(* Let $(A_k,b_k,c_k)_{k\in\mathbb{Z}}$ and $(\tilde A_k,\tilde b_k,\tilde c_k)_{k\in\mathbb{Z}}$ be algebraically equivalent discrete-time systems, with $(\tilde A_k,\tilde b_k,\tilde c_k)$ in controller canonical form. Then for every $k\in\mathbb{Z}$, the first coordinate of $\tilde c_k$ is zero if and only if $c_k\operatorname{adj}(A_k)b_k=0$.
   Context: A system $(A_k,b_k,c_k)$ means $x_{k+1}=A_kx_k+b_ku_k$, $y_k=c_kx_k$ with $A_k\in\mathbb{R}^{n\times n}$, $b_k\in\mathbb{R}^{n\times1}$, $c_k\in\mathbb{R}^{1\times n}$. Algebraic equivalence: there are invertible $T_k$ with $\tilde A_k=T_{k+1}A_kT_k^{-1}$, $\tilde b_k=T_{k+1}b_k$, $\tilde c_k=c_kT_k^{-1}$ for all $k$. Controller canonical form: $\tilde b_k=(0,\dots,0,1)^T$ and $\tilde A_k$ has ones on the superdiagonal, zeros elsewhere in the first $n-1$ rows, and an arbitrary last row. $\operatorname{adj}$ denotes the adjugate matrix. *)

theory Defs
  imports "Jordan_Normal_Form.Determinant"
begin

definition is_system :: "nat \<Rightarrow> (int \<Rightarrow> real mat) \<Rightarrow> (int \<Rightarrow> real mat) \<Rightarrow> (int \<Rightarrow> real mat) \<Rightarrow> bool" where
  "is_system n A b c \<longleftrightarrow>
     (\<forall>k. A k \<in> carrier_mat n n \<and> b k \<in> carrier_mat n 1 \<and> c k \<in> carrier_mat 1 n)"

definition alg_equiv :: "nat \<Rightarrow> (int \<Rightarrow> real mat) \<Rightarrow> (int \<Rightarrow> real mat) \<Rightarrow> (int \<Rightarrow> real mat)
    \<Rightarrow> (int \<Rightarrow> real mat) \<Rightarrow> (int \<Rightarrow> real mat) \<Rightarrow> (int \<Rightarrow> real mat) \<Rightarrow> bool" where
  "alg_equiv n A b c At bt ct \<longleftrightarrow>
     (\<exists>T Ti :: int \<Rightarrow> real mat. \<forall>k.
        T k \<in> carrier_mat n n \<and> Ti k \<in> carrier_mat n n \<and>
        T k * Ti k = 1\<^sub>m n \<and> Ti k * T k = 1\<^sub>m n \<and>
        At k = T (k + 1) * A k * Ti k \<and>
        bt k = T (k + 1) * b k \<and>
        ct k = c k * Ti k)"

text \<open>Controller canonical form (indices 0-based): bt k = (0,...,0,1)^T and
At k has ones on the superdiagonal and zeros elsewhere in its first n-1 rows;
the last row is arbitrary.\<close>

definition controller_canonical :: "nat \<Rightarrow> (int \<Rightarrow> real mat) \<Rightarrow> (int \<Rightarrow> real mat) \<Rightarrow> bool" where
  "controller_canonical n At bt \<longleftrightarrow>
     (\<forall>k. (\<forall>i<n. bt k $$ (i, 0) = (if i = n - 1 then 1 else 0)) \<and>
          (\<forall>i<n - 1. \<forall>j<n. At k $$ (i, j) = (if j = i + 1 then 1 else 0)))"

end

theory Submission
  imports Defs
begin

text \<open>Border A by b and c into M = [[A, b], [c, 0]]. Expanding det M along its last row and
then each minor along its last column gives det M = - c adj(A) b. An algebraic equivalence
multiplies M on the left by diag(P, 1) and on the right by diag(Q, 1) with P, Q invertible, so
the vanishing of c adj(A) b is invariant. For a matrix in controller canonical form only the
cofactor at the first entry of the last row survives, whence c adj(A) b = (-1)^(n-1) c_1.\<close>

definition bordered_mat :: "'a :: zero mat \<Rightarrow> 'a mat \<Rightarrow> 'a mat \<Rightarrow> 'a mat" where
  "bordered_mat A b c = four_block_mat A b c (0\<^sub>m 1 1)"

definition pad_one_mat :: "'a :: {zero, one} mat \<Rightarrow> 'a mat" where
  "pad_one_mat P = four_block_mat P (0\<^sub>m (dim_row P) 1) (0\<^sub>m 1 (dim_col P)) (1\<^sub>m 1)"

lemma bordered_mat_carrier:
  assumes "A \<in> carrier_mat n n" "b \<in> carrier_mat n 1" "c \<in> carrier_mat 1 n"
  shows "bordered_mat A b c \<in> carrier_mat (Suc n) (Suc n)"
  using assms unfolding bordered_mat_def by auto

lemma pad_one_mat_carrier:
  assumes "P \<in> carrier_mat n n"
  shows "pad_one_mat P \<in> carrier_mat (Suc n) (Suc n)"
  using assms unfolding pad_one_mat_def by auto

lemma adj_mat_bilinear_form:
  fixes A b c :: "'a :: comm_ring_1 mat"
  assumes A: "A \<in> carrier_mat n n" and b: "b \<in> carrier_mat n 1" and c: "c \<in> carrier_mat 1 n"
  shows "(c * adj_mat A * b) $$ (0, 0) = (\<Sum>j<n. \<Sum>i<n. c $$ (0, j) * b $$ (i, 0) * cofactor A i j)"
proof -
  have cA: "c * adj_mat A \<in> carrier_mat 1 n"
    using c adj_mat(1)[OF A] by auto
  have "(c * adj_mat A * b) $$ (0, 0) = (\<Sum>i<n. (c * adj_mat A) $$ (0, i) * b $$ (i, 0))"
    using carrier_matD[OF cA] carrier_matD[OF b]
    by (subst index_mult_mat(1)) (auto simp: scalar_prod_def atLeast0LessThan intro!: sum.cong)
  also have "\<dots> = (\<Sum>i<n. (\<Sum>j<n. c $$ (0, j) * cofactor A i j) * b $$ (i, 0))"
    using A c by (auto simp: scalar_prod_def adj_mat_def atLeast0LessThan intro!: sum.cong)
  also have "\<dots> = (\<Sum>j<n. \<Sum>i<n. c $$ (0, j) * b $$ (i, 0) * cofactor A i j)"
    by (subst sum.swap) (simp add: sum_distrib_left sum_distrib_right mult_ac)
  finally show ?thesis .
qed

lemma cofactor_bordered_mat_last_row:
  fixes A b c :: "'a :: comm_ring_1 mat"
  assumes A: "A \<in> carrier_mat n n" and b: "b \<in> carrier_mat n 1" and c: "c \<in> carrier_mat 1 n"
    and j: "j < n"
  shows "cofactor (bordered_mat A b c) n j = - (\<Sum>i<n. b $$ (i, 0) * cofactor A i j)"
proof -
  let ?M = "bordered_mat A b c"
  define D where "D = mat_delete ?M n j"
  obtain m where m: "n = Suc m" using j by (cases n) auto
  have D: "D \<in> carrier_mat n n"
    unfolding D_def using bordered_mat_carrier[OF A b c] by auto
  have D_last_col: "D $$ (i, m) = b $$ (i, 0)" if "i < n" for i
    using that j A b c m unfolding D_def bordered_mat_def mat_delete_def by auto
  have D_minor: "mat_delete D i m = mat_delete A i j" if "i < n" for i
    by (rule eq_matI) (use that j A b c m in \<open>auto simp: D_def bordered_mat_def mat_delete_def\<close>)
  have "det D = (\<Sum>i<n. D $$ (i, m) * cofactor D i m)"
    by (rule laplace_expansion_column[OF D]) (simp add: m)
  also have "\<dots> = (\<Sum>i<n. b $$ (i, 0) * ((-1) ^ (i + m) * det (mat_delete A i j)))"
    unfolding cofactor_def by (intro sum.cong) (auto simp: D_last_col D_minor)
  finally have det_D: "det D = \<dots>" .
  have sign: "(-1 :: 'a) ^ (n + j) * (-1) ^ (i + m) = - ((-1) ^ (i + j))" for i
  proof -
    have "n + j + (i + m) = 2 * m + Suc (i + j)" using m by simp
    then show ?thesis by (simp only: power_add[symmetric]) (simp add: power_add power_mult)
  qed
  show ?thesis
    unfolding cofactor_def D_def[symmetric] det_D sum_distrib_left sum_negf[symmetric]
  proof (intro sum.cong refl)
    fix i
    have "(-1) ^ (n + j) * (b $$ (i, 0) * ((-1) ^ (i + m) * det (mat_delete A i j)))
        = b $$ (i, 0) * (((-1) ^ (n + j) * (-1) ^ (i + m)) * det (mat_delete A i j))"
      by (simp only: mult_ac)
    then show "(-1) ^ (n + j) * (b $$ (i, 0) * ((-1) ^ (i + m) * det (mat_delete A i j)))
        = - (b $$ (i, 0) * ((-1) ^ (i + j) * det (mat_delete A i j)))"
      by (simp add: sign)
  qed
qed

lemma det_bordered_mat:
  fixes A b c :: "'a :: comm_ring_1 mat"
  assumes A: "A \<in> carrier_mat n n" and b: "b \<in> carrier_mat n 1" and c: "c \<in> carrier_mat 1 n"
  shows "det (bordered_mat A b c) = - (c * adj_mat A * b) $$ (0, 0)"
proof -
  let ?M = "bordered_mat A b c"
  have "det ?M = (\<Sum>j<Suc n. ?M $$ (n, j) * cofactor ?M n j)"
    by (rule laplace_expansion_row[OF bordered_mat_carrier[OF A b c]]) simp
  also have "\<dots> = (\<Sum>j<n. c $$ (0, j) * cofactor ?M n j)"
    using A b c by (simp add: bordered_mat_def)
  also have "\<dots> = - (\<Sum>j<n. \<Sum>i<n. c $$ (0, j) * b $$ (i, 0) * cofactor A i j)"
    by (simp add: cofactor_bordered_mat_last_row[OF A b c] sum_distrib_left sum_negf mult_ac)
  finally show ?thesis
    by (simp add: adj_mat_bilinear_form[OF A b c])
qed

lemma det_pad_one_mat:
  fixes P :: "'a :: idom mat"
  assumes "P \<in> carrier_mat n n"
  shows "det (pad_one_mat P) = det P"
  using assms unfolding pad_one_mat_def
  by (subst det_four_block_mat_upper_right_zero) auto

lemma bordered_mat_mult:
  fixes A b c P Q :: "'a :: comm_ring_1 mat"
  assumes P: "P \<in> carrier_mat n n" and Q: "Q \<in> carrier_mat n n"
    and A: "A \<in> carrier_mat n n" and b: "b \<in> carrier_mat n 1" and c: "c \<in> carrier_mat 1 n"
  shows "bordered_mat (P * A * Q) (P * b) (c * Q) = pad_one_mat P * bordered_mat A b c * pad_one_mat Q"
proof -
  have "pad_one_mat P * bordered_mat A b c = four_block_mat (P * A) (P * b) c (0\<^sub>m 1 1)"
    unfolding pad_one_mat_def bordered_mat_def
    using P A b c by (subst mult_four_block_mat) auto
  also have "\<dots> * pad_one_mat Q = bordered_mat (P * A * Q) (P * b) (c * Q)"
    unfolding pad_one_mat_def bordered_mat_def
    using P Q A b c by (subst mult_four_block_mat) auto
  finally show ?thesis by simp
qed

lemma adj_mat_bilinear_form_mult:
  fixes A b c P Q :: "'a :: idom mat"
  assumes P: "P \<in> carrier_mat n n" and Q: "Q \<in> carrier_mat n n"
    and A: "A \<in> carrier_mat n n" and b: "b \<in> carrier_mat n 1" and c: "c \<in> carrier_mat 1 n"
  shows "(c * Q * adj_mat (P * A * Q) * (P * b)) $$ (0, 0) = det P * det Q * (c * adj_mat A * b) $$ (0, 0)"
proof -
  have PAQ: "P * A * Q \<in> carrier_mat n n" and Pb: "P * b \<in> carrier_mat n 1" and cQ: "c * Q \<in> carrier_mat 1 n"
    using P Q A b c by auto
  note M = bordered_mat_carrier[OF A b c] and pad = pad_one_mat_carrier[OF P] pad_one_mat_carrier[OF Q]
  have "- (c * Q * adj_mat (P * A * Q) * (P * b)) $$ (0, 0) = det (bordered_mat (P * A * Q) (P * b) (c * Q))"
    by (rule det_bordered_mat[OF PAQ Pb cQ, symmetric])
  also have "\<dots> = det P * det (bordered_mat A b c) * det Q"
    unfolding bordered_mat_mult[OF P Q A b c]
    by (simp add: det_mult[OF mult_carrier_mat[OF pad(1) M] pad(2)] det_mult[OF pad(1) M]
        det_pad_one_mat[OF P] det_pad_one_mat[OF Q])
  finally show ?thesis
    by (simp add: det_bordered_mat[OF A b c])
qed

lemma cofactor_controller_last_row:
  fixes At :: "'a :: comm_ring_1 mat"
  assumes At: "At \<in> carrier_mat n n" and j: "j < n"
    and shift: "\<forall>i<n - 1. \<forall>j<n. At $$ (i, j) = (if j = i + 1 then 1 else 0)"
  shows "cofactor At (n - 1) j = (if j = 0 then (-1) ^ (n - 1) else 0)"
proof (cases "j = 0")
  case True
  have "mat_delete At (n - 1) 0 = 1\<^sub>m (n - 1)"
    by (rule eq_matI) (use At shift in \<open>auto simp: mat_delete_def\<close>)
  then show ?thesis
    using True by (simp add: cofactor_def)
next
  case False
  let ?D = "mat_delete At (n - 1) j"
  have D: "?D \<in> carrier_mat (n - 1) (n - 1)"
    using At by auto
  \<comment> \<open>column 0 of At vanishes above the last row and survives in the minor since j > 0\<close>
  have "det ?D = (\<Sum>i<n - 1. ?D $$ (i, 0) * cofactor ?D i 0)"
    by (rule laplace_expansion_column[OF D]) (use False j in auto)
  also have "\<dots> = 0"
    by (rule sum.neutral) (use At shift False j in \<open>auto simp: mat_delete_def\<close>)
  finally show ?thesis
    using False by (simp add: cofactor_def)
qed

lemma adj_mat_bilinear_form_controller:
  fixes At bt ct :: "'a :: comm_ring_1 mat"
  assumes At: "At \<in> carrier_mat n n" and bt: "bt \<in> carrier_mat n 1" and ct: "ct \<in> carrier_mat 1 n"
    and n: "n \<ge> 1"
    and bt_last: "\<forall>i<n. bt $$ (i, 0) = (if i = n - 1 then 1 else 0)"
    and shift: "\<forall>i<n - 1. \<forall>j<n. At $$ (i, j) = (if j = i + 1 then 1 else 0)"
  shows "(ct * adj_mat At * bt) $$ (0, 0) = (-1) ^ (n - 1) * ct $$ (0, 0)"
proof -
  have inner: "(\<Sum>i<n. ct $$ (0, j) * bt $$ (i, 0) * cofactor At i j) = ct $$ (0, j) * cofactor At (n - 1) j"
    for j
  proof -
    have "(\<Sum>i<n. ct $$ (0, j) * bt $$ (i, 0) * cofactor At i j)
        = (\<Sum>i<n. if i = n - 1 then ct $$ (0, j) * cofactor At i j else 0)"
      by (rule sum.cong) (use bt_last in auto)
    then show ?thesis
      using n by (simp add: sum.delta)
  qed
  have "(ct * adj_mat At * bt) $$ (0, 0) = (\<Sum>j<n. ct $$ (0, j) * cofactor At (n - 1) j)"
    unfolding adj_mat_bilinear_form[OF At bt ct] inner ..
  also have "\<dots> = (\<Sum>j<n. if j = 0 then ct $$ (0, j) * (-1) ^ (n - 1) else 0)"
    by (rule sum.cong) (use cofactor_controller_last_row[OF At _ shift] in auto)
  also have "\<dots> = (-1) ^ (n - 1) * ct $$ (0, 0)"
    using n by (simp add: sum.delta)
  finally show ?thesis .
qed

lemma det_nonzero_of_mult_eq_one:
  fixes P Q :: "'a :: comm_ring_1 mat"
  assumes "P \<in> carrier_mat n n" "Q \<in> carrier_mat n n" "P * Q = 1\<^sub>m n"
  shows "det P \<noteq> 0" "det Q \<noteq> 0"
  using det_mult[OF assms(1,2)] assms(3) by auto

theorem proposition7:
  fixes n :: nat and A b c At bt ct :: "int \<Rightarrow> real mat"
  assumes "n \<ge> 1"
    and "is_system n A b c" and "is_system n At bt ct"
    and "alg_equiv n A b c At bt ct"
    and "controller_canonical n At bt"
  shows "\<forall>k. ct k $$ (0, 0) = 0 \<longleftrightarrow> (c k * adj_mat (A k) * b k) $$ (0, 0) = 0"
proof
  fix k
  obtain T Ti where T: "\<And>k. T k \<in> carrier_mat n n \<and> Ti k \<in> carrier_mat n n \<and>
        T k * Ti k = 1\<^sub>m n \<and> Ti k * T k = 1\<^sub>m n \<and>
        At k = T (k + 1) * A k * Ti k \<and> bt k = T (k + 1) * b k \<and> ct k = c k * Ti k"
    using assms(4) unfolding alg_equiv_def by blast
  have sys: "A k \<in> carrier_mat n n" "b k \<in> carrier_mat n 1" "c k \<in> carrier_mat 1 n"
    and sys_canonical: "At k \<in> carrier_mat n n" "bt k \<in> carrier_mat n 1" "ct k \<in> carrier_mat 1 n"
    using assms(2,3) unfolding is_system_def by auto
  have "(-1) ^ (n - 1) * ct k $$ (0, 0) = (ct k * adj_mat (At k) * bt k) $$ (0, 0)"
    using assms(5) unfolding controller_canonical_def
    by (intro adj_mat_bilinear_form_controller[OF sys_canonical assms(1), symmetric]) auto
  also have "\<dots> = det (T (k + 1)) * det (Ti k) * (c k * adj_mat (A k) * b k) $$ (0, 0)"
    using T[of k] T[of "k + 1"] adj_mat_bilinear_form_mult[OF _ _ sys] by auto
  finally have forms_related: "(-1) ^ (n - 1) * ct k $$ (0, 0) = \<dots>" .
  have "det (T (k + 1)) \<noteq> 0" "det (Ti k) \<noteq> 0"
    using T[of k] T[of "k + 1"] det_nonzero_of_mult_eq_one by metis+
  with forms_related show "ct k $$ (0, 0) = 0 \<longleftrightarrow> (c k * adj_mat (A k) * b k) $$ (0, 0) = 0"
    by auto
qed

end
◆ ◆ ◆ ◆ ◆ ◆ ◆
### ASSIGNMENT
In the data above, which lines include "mathbb"? Return those lines.

### YOUR RESPONSE
(* Let $(A_k,b_k,c_k)_{k\in\mathbb{Z}}$ and $(\tilde A_k,\tilde b_k,\tilde c_k)_{k\in\mathbb{Z}}$ be algebraically equivalent discrete-time systems, with $(\tilde A_k,\tilde b_k,\tilde c_k)$ in controller canonical form. Then for every $k\in\mathbb{Z}$, the first coordinate of $\tilde c_k$ is zero if and only if $c_k\operatorname{adj}(A_k)b_k=0$.
   Context: A system $(A_k,b_k,c_k)$ means $x_{k+1}=A_kx_k+b_ku_k$, $y_k=c_kx_k$ with $A_k\in\mathbb{R}^{n\times n}$, $b_k\in\mathbb{R}^{n\times1}$, $c_k\in\mathbb{R}^{1\times n}$. Algebraic equivalence: there are invertible $T_k$ with $\tilde A_k=T_{k+1}A_kT_k^{-1}$, $\tilde b_k=T_{k+1}b_k$, $\tilde c_k=c_kT_k^{-1}$ for all $k$. Controller canonical form: $\tilde b_k=(0,\dots,0,1)^T$ and $\tilde A_k$ has ones on the superdiagonal, zeros elsewhere in the first $n-1$ rows, and an arbitrary last row. $\operatorname{adj}$ denotes the adjugate matrix. *)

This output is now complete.